> Given entries:
section \<open>Exponential tilting of centred Gaussian measures\<close>

abbreviation mvn_measure :: "real^'n^'n \<Rightarrow> (real^'n) measure" where
  "mvn_measure R \<equiv> density lborel (mvn_density R)"

lemma
  fixes A :: "real^'n^'n"
  assumes "invertible A"
  shows matrix_vector_mul_matrix_inv: "A *v (matrix_inv A *v x) = x"
    and matrix_inv_matrix_vector_mul: "matrix_inv A *v (A *v x) = x"
proof -
  obtain A' :: "real^'n^'n" where "A ** A' = mat 1 \<and> A' ** A = mat 1"
    using assms unfolding invertible_def by blast
  then have "A ** matrix_inv A = mat 1 \<and> matrix_inv A ** A = mat 1"
    unfolding matrix_inv_def by (rule someI)
  then show "A *v (matrix_inv A *v x) = x" "matrix_inv A *v (A *v x) = x"
    by (simp_all add: matrix_vector_mul_assoc)
qed

lemma inner_matrix_vector_mul_symmetric:
  fixes A :: "real^'n^'n"
  assumes "transpose A = A"
  shows "x \<bullet> (A *v y) = (A *v x) \<bullet> y"
  by (metis assms dot_lmul_matrix transpose_matrix_vector)

lemma correlation_matrix_inner_axis:
  fixes R :: "real^'n^'n"
  assumes corr: "correlation_matrix R" and inv: "invertible R"
  shows "axis k 1 \<bullet> (R *v axis k 1) = 1"
    and "(matrix_inv R *v axis k 1) \<bullet> axis k 1 = matrix_inv R $ k $ k"
    and "(matrix_inv R *v axis k 1) \<bullet> (R *v axis k 1) = 1"
proof -
  have sym: "transpose R = R" and "R $ k $ k = 1"
    using corr by (auto simp: correlation_matrix_def)
  then show "axis k 1 \<bullet> (R *v axis k 1) = 1"
    by (simp add: inner_axis' matrix_vector_mult_basis column_def)
  show "(matrix_inv R *v axis k 1) \<bullet> axis k 1 = matrix_inv R $ k $ k"
    by (simp add: inner_axis matrix_vector_mult_basis column_def)
  show "(matrix_inv R *v axis k 1) \<bullet> (R *v axis k 1) = 1"
    by (simp add: inner_matrix_vector_mul_symmetric[OF sym] matrix_vector_mul_matrix_inv[OF inv] inner_axis)
qed

lemma matrix_inv_diag_ge_1:
  fixes R :: "real^'n^'n"
  assumes corr: "correlation_matrix R" and inv: "invertible R"
  shows "1 \<le> matrix_inv R $ k $ k"
proof -
  let ?e = "axis k 1 :: real^'n"
  let ?u = "matrix_inv R *v ?e"
  have "0 \<le> (?u - ?e) \<bullet> (R *v (?u - ?e))"
    using corr by (simp add: correlation_matrix_def)
  then show ?thesis
    using correlation_matrix_inner_axis[OF corr inv, of k] matrix_vector_mul_matrix_inv[OF inv, of ?e]
    by (simp add: matrix_vector_mult_diff_distrib inner_diff_left inner_diff_right inner_commute inner_axis)
qed

lemma borel_measurable_mvn_density [measurable]: "mvn_density R \<in> borel_measurable borel"
  unfolding mvn_density_def
  by (intro borel_measurable_divide borel_measurable_continuous_onI continuous_intros borel_measurable_const)
    simp

text \<open>Cameron--Martin: the exponential tilt \<open>exp \<langle>l, w\<rangle>\<close> of \<open>N(0, R)\<close> is its translate by \<open>R l\<close>.\<close>

lemma mvn_density_shift:
  fixes R :: "real^'n^'n"
  assumes sym: "transpose R = R" and inv: "invertible R"
  shows "mvn_density R (w + R *v l) * exp (l \<bullet> (w + R *v l)) = mvn_density R w * exp (l \<bullet> (R *v l) / 2)"
proof -
  let ?P = "matrix_inv R"
  have "?P *v (w + R *v l) = ?P *v w + l"
    by (simp add: matrix_vector_right_distrib matrix_inv_matrix_vector_mul[OF inv])
  moreover have "(R *v l) \<bullet> (?P *v w) = l \<bullet> w"
    by (simp add: inner_matrix_vector_mul_symmetric[OF sym, symmetric] matrix_vector_mul_matrix_inv[OF inv])
  ultimately have "(w + R *v l) \<bullet> (?P *v (w + R *v l)) = w \<bullet> (?P *v w) + 2 * (l \<bullet> w) + l \<bullet> (R *v l)"
    by (simp add: inner_add_left inner_add_right inner_commute)
  then show ?thesis
    unfolding mvn_density_def by (simp add: inner_add_right field_simps flip: exp_add)
qed

lemma nn_integral_mvn_exp_shift_invariant:
  fixes R :: "real^'n^'n"
  assumes sym: "transpose R = R" and inv: "invertible R"
    and S: "S \<in> sets borel" and shift_S: "\<And>w. w + R *v l \<in> S \<longleftrightarrow> w \<in> S"
  shows "(\<integral>\<^sup>+w. indicator S w * ennreal (mvn_density R w) * ennreal (exp (l \<bullet> w)) \<partial>lborel)
     = ennreal (exp (l \<bullet> (R *v l) / 2)) * emeasure (mvn_measure R) S"
proof -
  let ?c = "R *v l"
  have "(\<integral>\<^sup>+w. indicator S w * ennreal (mvn_density R w) * ennreal (exp (l \<bullet> w)) \<partial>lborel)
     = (\<integral>\<^sup>+w. indicator S (?c + w) * ennreal (mvn_density R (?c + w)) * ennreal (exp (l \<bullet> (?c + w))) \<partial>lborel)"
    using S by (subst lborel_distr_plus[of ?c, symmetric], subst nn_integral_distr) auto
  also have "\<dots> = (\<integral>\<^sup>+w. ennreal (exp (l \<bullet> ?c / 2)) * (ennreal (mvn_density R w) * indicator S w) \<partial>lborel)"
  proof (intro nn_integral_cong)
    fix w :: "real^'n"
    have "ennreal (mvn_density R (?c + w)) * ennreal (exp (l \<bullet> (?c + w)))
        = ennreal (exp (l \<bullet> ?c / 2)) * ennreal (mvn_density R w)"
      using mvn_density_shift[OF sym inv, of w l]
      by (simp add: ennreal_mult''[symmetric] add.commute mult.commute)
    then show "indicator S (?c + w) * ennreal (mvn_density R (?c + w)) * ennreal (exp (l \<bullet> (?c + w)))
       = ennreal (exp (l \<bullet> ?c / 2)) * (ennreal (mvn_density R w) * indicator S w)"
      using shift_S[of w] by (simp add: indicator_def add.commute mult_ac)
  qed
  also have "\<dots> = ennreal (exp (l \<bullet> ?c / 2)) * emeasure (mvn_measure R) S"
    using S by (simp add: nn_integral_cmult emeasure_density)
  finally show ?thesis .
qed

lemma mvn_chernoff_bound:
  fixes R :: "real^'n^'n"
  assumes sym: "transpose R = R" and inv: "invertible R" and prob: "prob_space (mvn_measure R)"
    and S: "S \<in> sets borel" and shift_S: "\<And>w. w + R *v l \<in> S \<longleftrightarrow> w \<in> S"
  shows "measure (mvn_measure R) (S \<inter> {w. r < l \<bullet> w})
    \<le> exp (l \<bullet> (R *v l) / 2 - r) * measure (mvn_measure R) S"
proof -
  interpret N: prob_space "mvn_measure R" by (rule prob)
  have "emeasure (mvn_measure R) (S \<inter> {w. r < l \<bullet> w})
     = (\<integral>\<^sup>+w. ennreal (mvn_density R w) * indicator (S \<inter> {w. r < l \<bullet> w}) w \<partial>lborel)"
    using S by (subst emeasure_density) auto
  also have "\<dots> \<le> (\<integral>\<^sup>+w. ennreal (exp (- r)) *
      (indicator S w * ennreal (mvn_density R w) * ennreal (exp (l \<bullet> w))) \<partial>lborel)"
  proof (intro nn_integral_mono)
    fix w :: "real^'n"
    have "ennreal (mvn_density R w) \<le> ennreal (mvn_density R w * (exp (- r) * exp (l \<bullet> w)))"
      if "r < l \<bullet> w"
      \<comment> \<open>the case split is needed because \<open>mvn_density R\<close> is negative when \<open>det R < 0\<close>\<close>
      using that by (cases "0 \<le> mvn_density R w")
        (auto intro!: ennreal_leI simp: ennreal_neg mult_le_cancel_left1 exp_add[symmetric])
    then show "ennreal (mvn_density R w) * indicator (S \<inter> {w. r < l \<bullet> w}) w
       \<le> ennreal (exp (- r)) * (indicator S w * ennreal (mvn_density R w) * ennreal (exp (l \<bullet> w)))"
      by (auto simp: indicator_def ennreal_mult''[symmetric] mult_ac intro: ennreal_leI)
  qed
  also have "\<dots> = ennreal (exp (- r)) * (ennreal (exp (l \<bullet> (R *v l) / 2)) * emeasure (mvn_measure R) S)"
    using S by (simp add: nn_integral_cmult nn_integral_mvn_exp_shift_invariant[OF sym inv S shift_S])
  finally show ?thesis
    by (simp add: N.emeasure_eq_measure ennreal_mult''[symmetric] ennreal_le_iff mult.assoc[symmetric]
        flip: exp_add)
qed

text \<open>Tilting along \<open>R\<^sup>-\<^sup>1e\<^sub>k\<close> shifts the Gaussian along \<open>e\<^sub>k\<close> and therefore preserves \<open>S\<close>.\<close>

lemma mvn_tilt_inverse_axis:
  fixes R :: "real^'n^'n" and k :: 'n
  assumes corr: "correlation_matrix R" and inv: "invertible R" and prob: "prob_space (mvn_measure R)"
    and S: "S \<in> sets borel" and shift_S: "\<And>w s. w + s *\<^sub>R axis k 1 \<in> S \<longleftrightarrow> w \<in> S"
    and t: "0 < t"
  defines "b \<equiv> 1 / matrix_inv R $ k $ k"
  shows "measure (mvn_measure R) (S \<inter> {w. t / 4 < (matrix_inv R *v axis k 1) \<bullet> w})
     \<le> exp (- b * t\<^sup>2 / 32) * measure (mvn_measure R) S"
proof -
  let ?u = "matrix_inv R *v axis k 1"
  define l where "l = (b * t / 4) *\<^sub>R ?u"
  have b: "0 < b"
    using matrix_inv_diag_ge_1[OF corr inv, of k] by (simp add: b_def)
  have Rl: "R *v l = (b * t / 4) *\<^sub>R axis k 1"
    by (simp add: l_def matrix_vector_mult_scaleR matrix_vector_mul_matrix_inv[OF inv])
  have sym: "transpose R = R"
    using corr by (simp add: correlation_matrix_def)
  have "{w. t / 4 < ?u \<bullet> w} = {w. b * t\<^sup>2 / 16 < l \<bullet> w}"
    using b t by (auto simp: l_def power2_eq_square mult_less_cancel_left_pos)
  then have "measure (mvn_measure R) (S \<inter> {w. t / 4 < ?u \<bullet> w})
      = measure (mvn_measure R) (S \<inter> {w. b * t\<^sup>2 / 16 < l \<bullet> w})"
    by (simp only:)
  also have "\<dots> \<le> exp (l \<bullet> (R *v l) / 2 - b * t\<^sup>2 / 16) * measure (mvn_measure R) S"
    by (rule mvn_chernoff_bound[OF sym inv prob S]) (simp add: Rl shift_S)
  also have "l \<bullet> (R *v l) / 2 - b * t\<^sup>2 / 16 = - b * t\<^sup>2 / 32"
    using Rl correlation_matrix_inner_axis(2)[OF corr inv, of k] b
    by (simp add: l_def b_def power2_eq_square field_simps)
  finally show ?thesis .
qed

> Task instructions: Return the lines exactly as they stand, please. Start at the top of the material and finish with the line where "by (metis assms" appears.

> Your solution:
section \<open>Exponential tilting of centred Gaussian measures\<close>

abbreviation mvn_measure :: "real^'n^'n \<Rightarrow> (real^'n) measure" where
  "mvn_measure R \<equiv> density lborel (mvn_density R)"

lemma
  fixes A :: "real^'n^'n"
  assumes "invertible A"
  shows matrix_vector_mul_matrix_inv: "A *v (matrix_inv A *v x) = x"
    and matrix_inv_matrix_vector_mul: "matrix_inv A *v (A *v x) = x"
proof -
  obtain A' :: "real^'n^'n" where "A ** A' = mat 1 \<and> A' ** A = mat 1"
    using assms unfolding invertible_def by blast
  then have "A ** matrix_inv A = mat 1 \<and> matrix_inv A ** A = mat 1"
    unfolding matrix_inv_def by (rule someI)
  then show "A *v (matrix_inv A *v x) = x" "matrix_inv A *v (A *v x) = x"
    by (simp_all add: matrix_vector_mul_assoc)
qed

lemma inner_matrix_vector_mul_symmetric:
  fixes A :: "real^'n^'n"
  assumes "transpose A = A"
  shows "x \<bullet> (A *v y) = (A *v x) \<bullet> y"
  by (metis assms dot_lmul_matrix transpose_matrix_vector)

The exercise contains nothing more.